There was an uncomfortable pause in the conversation.
“I’m sorry!” Jack’s voice burst out again suddenly. “I keep forgetting you can’t see my face. I was looking at you, Jill, to answer for the Guild.”
“The Guild—” The filter made Jill’s voice so anonymously similar to Jack’s that it was almost as if Jack answered again. She hesitated. “I could say exactly the same things. You see—I’m sorry, I’m looking at you now, Great Teacher—until now, the CEOs and the Guildmasters have completely controlled the jobholders; and the Guild worries about you getting a separate influence over them. It’s a matter of survival, you see—”
“Perhaps I’d better explain that part of it,” Ana broke in. “Bleys, the fact is—”
“No need,” said Bleys. “I think I already know that, and it’s part of a much larger picture. See if I’m right—New Earth is essentially a manufacturing world, buying new technical information from Cassida and selling its products and manufactory knowledge to all the other New Worlds. But what Cassida sells are developments of technologies derived by them from the basic free research going on upon Newton. This chain of connections will only go on working as long as your jobholders are willing to produce what’s considered most profitable by their CEO or Guild leaders, the Cassidan leadership and the Newtonian researchers.
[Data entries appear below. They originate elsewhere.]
(* Fix $C>0$ and $Q\in\mathbb{N}$. Let $L\in\{\mathrm{OR},\mathrm{SUM},\mathrm{OR2},\mathrm{SUM2}\}$ and let $\{\mathcal{L}_n\}$ be a family in which each $\mathcal{L}_n$ is a strip pattern set of width $C$ and density $Q$ on the $n\times n$ image $I_n$, such that $|\mathcal{L}_n|=\Theta(n^2)$ and $V(\mathcal{L}_n)=\Omega(n^3)$. Then $L(\mathcal{L}_n)=\Omega(n^2\log n)$.
   Context: Image: the $n\times n$ image $I_n$ is the set of $n^2$ pixel variables $p_{ij}$, $i,j=0,\dots,n-1$; pixel $p_{ij}$ is identified with the integer point $(i,j)\in\mathbb{R}^2$. A pattern is a nonempty subset of the image; a pattern set $\mathcal{T}=\{T_k\}_{k=1}^m$ is a nonempty set of $m$ distinct patterns, and its volume is $V(\mathcal{T})=\sum_{T\in\mathcal{T}}|T|$. Computing $\mathcal{T}$ means computing simultaneously $y_k=\sum_{p\in T_k}p$, $k=1,\dots,m$, where "sum" is a commutative semigroup operation on pixel values. Circuits: a circuit is a directed acyclic graph with one input node of fanin zero per pixel and $m$ output nodes $y_k$ of fanout zero; every node of nonzero fanin (a gate) may have any positive number of incoming edges and computes the semigroup sum of its in-neighbours' values. The size of a circuit is its number of edges. A circuit computes $\mathcal{T}$ if for every input assignment each $y_k$ equals $\sum_{p\in T_k}p$. $\mathrm{OR}(\mathcal{T})$ (resp. $\mathrm{SUM}(\mathcal{T})$) is the minimal size of a circuit computing $\mathcal{T}$ over $(\{0,1\},\vee)$ (resp. $(\mathbb{N},+)$). $\mathrm{OR2}(\mathcal{T})$ (resp. $\mathrm{SUM2}(\mathcal{T})$) is the minimal number of gates of a circuit computing $\mathcal{T}$ over $(\{0,1\},\vee)$ (resp. $(\mathbb{N},+)$) in which all nodes have fanin at most $2$. Strips: for a line $l\subset\mathbb{R}^2$ and $C>0$, $s(l,C)=\{r\in\mathbb{R}^2\mid \rho(r,l)\leqslant C/2\}$ ($\rho$ Euclidean distance). A line is mostly horizontal inclined to the right if it has equation $y=ax+b$ with $0\leqslant a\leqslant1$; such a line is integer at an image of width $w$ if $a=\frac{e}{w-1}$ for some $e\in\{0,1,\dots,w-1\}$ (here $w=n$). Patterns $T\in\mathcal{M}$ are $C$-parallel if there is a family of integer lines $\{l(T)\mid T\in\mathcal{M}\}$, all with the same slope, such that $T\subset s(l(T),C)$ for all $T\in\mathcal{M}$. A pattern set $\mathcal{L}$ is a strip pattern set of width $C>0$ and density $Q\in\mathbb{N}$ if (1) for every $L\in\mathcal{L}$ there is an integer line $l$ with $L\subset s(l,C)$, and (2) every $C$-parallel subset $\mathcal{M}\subseteq\mathcal{L}$ with $\bigcap_{L\in\mathcal{M}}L\neq\varnothing$ satisfies $|\mathcal{M}|\leqslant Q$. *)

theory Defs
  imports "HOL-Analysis.Analysis" "HOL-Library.Landau_Symbols"
begin

text \<open>Pixels p_ij are identified with pairs (i,j); nodes of a circuit are either
  input nodes (one per pixel) or gates (identified by natural numbers).\<close>

type_synonym pixel = "nat \<times> nat"
type_synonym node = "pixel + nat"

definition img :: "nat \<Rightarrow> pixel set" where
  "img n = {0..<n} \<times> {0..<n}"

definition pattern_set :: "nat \<Rightarrow> pixel set set \<Rightarrow> bool" where
  "pattern_set n \<T> \<longleftrightarrow> \<T> \<noteq> {} \<and> (\<forall>T\<in>\<T>. T \<noteq> {} \<and> T \<subseteq> img n)"

definition volume :: "pixel set set \<Rightarrow> nat" where
  "volume \<T> = (\<Sum>T\<in>\<T>. card T)"

text \<open>A circuit on the image I_n computing (the outputs for) the pattern set: a finite set G
  of gates, the in-neighbour set of every gate (nonempty), acyclicity (witnessed by a rank
  function), and an injective assignment of an output node of fanout zero to each pattern.\<close>

definition circuit ::
  "nat \<Rightarrow> pixel set set \<Rightarrow> nat set \<Rightarrow> (nat \<Rightarrow> node set) \<Rightarrow> (pixel set \<Rightarrow> node) \<Rightarrow> bool" where
  "circuit n \<T> G inn out \<longleftrightarrow>
     finite G \<and>
     (\<forall>g\<in>G. inn g \<noteq> {} \<and> inn g \<subseteq> Inl ` img n \<union> Inr ` G) \<and>
     (\<exists>r :: nat \<Rightarrow> nat. \<forall>g\<in>G. \<forall>h. Inr h \<in> inn g \<longrightarrow> r h < r g) \<and>
     inj_on out \<T> \<and>
     out ` \<T> \<subseteq> Inl ` img n \<union> Inr ` G \<and>
     (\<forall>T\<in>\<T>. \<forall>g\<in>G. out T \<notin> inn g)"

definition circuit_size :: "nat set \<Rightarrow> (nat \<Rightarrow> node set) \<Rightarrow> nat" where
  "circuit_size G inn = (\<Sum>g\<in>G. card (inn g))"

definition computes_or ::
  "nat \<Rightarrow> pixel set set \<Rightarrow> nat set \<Rightarrow> (nat \<Rightarrow> node set) \<Rightarrow> (pixel set \<Rightarrow> node) \<Rightarrow> bool" where
  "computes_or n \<T> G inn out \<longleftrightarrow>
     (\<forall>(x :: pixel \<Rightarrow> bool) (v :: node \<Rightarrow> bool).
        (\<forall>p\<in>img n. v (Inl p) = x p) \<and> (\<forall>g\<in>G. v (Inr g) = (\<exists>u\<in>inn g. v u))
        \<longrightarrow> (\<forall>T\<in>\<T>. v (out T) = (\<exists>p\<in>T. x p)))"

definition computes_sum ::
  "nat \<Rightarrow> pixel set set \<Rightarrow> nat set \<Rightarrow> (nat \<Rightarrow> node set) \<Rightarrow> (pixel set \<Rightarrow> node) \<Rightarrow> bool" where
  "computes_sum n \<T> G inn out \<longleftrightarrow>
     (\<forall>(x :: pixel \<Rightarrow> nat) (v :: node \<Rightarrow> nat).
        (\<forall>p\<in>img n. v (Inl p) = x p) \<and> (\<forall>g\<in>G. v (Inr g) = (\<Sum>u\<in>inn g. v u))
        \<longrightarrow> (\<forall>T\<in>\<T>. v (out T) = (\<Sum>p\<in>T. x p)))"

definition OR_cost :: "nat \<Rightarrow> pixel set set \<Rightarrow> nat" where
  "OR_cost n \<T> = (LEAST s. \<exists>G inn out. circuit n \<T> G inn out \<and> computes_or n \<T> G inn out
                              \<and> circuit_size G inn = s)"

definition SUM_cost :: "nat \<Rightarrow> pixel set set \<Rightarrow> nat" where
  "SUM_cost n \<T> = (LEAST s. \<exists>G inn out. circuit n \<T> G inn out \<and> computes_sum n \<T> G inn out
                              \<and> circuit_size G inn = s)"

definition OR2_cost :: "nat \<Rightarrow> pixel set set \<Rightarrow> nat" where
  "OR2_cost n \<T> = (LEAST s. \<exists>G inn out. circuit n \<T> G inn out \<and> (\<forall>g\<in>G. card (inn g) \<le> 2)
                              \<and> computes_or n \<T> G inn out \<and> card G = s)"

definition SUM2_cost :: "nat \<Rightarrow> pixel set set \<Rightarrow> nat" where
  "SUM2_cost n \<T> = (LEAST s. \<exists>G inn out. circuit n \<T> G inn out \<and> (\<forall>g\<in>G. card (inn g) \<le> 2)
                              \<and> computes_sum n \<T> G inn out \<and> card G = s)"

text \<open>Strips and integer lines (mostly horizontal, inclined to the right, width w = n).\<close>

definition line :: "real \<Rightarrow> real \<Rightarrow> (real \<times> real) set" where
  "line a b = {(x, y). y = a * x + b}"

definition integer_slope :: "nat \<Rightarrow> real \<Rightarrow> bool" where
  "integer_slope n a \<longleftrightarrow> (\<exists>e\<in>{0..<n}. a = real e / real (n - 1))"

definition strip :: "(real \<times> real) set \<Rightarrow> real \<Rightarrow> (real \<times> real) set" where
  "strip l C = {r. infdist r l \<le> C / 2}"

definition pix_pt :: "pixel \<Rightarrow> real \<times> real" where
  "pix_pt p = (real (fst p), real (snd p))"

definition in_strip :: "pixel set \<Rightarrow> (real \<times> real) set \<Rightarrow> real \<Rightarrow> bool" where
  "in_strip T l C \<longleftrightarrow> pix_pt ` T \<subseteq> strip l C"

definition C_parallel :: "nat \<Rightarrow> real \<Rightarrow> pixel set set \<Rightarrow> bool" where
  "C_parallel n C \<M> \<longleftrightarrow>
     (\<exists>a. integer_slope n a \<and> (\<exists>b :: pixel set \<Rightarrow> real. \<forall>T\<in>\<M>. in_strip T (line a (b T)) C))"

definition strip_pattern_set :: "nat \<Rightarrow> real \<Rightarrow> nat \<Rightarrow> pixel set set \<Rightarrow> bool" where
  "strip_pattern_set n C Q \<L> \<longleftrightarrow>
     pattern_set n \<L> \<and>
     (\<forall>L\<in>\<L>. \<exists>a b. integer_slope n a \<and> in_strip L (line a b) C) \<and>
     (\<forall>\<M>\<subseteq>\<L>. C_parallel n C \<M> \<and> \<Inter>\<M> \<noteq> {} \<longrightarrow> card \<M> \<le> Q)"

end

theory Submission
  imports Defs "HOL-Library.Nat_Bijection"
begin

(* Over both (bool, or) and (nat, +) a circuit computes a pattern T exactly when the pixels
   from which the output of T is reachable are the pixels of T.  Give every wire (u, w) the
   weight |P w| / |P u|, where P u is the set of pixels below u.  Since ln b - ln a <= b / a,
   the weights along any path from a pixel of T to the output of T add up to at least ln |T|;
   summing over the pixels of T and over all patterns, a wire (u, w) is charged at most |P w|
   times the number of patterns containing P w.  For a strip pattern set this product is O(n):
   the patterns containing a set S of horizontal width D have only O(n / D) possible slopes and
   at most Q patterns per slope, while |S| = O(D).  Hence the sum of |T| ln |T| over all
   patterns is at most O(n) times the circuit size, whereas it is at least V ln n - |L| n,
   which is of order n^3 log n.  Fan-in 2 circuits have at most twice as many wires as gates. *)

lemma finite_img: "finite (img n)"
  unfolding img_def by simp

lemma pattern_setD:
  assumes "pattern_set n L" "T \<in> L"
  shows "T \<subseteq> img n" "T \<noteq> {}" "finite T"
  using assms finite_subset[OF _ finite_img] unfolding pattern_set_def by blast+

lemma pattern_set_finite: "pattern_set n L \<Longrightarrow> finite L"
  using finite_Pow_iff[THEN iffD2, OF finite_img] unfolding pattern_set_def
  by (rule rev_finite_subset) auto

section \<open>Strips and bands\<close>

definition band :: "real \<Rightarrow> real \<Rightarrow> real \<Rightarrow> pixel set" where
  "band a b C = {(x, y). \<bar>real y - a * real x - b\<bar> \<le> C}"

lemma strip_subset_band:
  assumes "in_strip T (line a b) C" "0 \<le> a" "a \<le> 1"
  shows "T \<subseteq> band a b C"
proof
  fix p assume "p \<in> T"
  then obtain x y where p: "p = (x, y)" and in_strip: "infdist (real x, real y) (line a b) \<le> C / 2"
    using assms(1) unfolding in_strip_def strip_def pix_pt_def by (cases p) auto
  have line_ne: "line a b \<noteq> {}" unfolding line_def by auto
  have "\<bar>real y - a * real x - b\<bar> \<le> 2 * dist (real x, real y) z"
    if z_line: "z \<in> line a b" for z
  proof -
    obtain zx where z: "z = (zx, a * zx + b)" using z_line unfolding line_def by auto
    have "\<bar>real x - zx\<bar> \<le> dist (real x, real y) z" "\<bar>real y - (a * zx + b)\<bar> \<le> dist (real x, real y) z"
      using dist_fst_le[of "(real x, real y)" z] dist_snd_le[of "(real x, real y)" z] z
      by (simp_all add: dist_real_def)
    moreover have "real y - a * real x - b = (real y - (a * zx + b)) - a * (real x - zx)"
      by (simp add: algebra_simps)
    hence "\<bar>real y - a * real x - b\<bar> \<le> \<bar>real y - (a * zx + b)\<bar> + a * \<bar>real x - zx\<bar>"
      using assms(2) abs_triangle_ineq4[of "real y - (a * zx + b)" "a * (real x - zx)"]
      by (simp add: abs_mult)
    moreover have "a * \<bar>real x - zx\<bar> \<le> \<bar>real x - zx\<bar>"
      using assms(3) mult_right_mono[of a 1 "\<bar>real x - zx\<bar>"] by simp
    ultimately show ?thesis by linarith
  qed
  hence "\<bar>real y - a * real x - b\<bar> / 2 \<le> infdist (real x, real y) (line a b)"
    unfolding infdist_notempty[OF line_ne] by (intro cINF_greatest[OF line_ne]) (simp add: mult.commute)
  with in_strip show "p \<in> band a b C" unfolding p band_def by simp
qed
Correct?”
“Of course it is,” Ana said. “All right. You ask the questions.”
“I want specifics,” said Bleys. “Tell me—any and all of the three of you—what actions, if any, have the Guild and the CEOs in mind to take about me? What are they planning to do, or try to do?”
“I don’t think they’ve made definite plans yet—Jack?” said Ana. “Jill?”
“No,” said the two similar voices. Jack went on. “They know they can pick you up anywhere, anytime, anyplace on our world. So they’re both waiting to size you up.”
“One thing’s certain,” said Ana. “The CEOs control the management of everything but the smallest business establishments in this world; the Guilds control the people who wor
k in those establishments. Together, if they want to crack down on you, you won’t be able to move, let alone speak. For one thing, you could be out of here and in the street with one call by the CEOs to the hotel manager; and theoretically at least, no commercial vehicle, not even an autotaxi, would stop to pick any of you up.”
“Would they do that now, in the face of public interest in me, if what I was just told about the jobholders was correct?” Bleys asked.
“Not right away, at least,” said Ana, almost grudgingly. “Maybe Jack or Jill can tell you more.”
“I think—” Jill began, then hesitated. “Jack, do you want to answer that, first?”
“If you like,” said Jack. “The CEOs, anyway, are going to begin by smiling at you. In fact, as Jill knows, Great Teacher, because we were talking a bit about it before the rest of you joined us, you’re invited to dinner with the top CEO people of the New Earth City Club, tonight—”
“I told him that on the way here from the spaceport, since the invitation was passed through me,” Ana said, sharply.
“Sorry,” said Jack, “I didn’t know—”
“Well, the point is, the Great Teacher did know. Go ahead,” said Ana.
“Well, then, with my apologies to you, Ana Wasserlied, and to you, Great Teacher,” said Jack, his anonymous voice masking any embarrassment. “The people you’ll meet tonight if you go—and it would probably be wisest to go, if you want my opinion—are going to be the most powerful in the world. They’re sort of an unofficial governing body for the actions of the Clubs in general; or, to put it another way, there they lead, the other Clubs and their members always follow.”
“What do they hope for, by seeing me at a dinner?” asked Bleys.
“To impress you with their power,” Jack answered, “and to size you up, to see if you’ll do what they want.”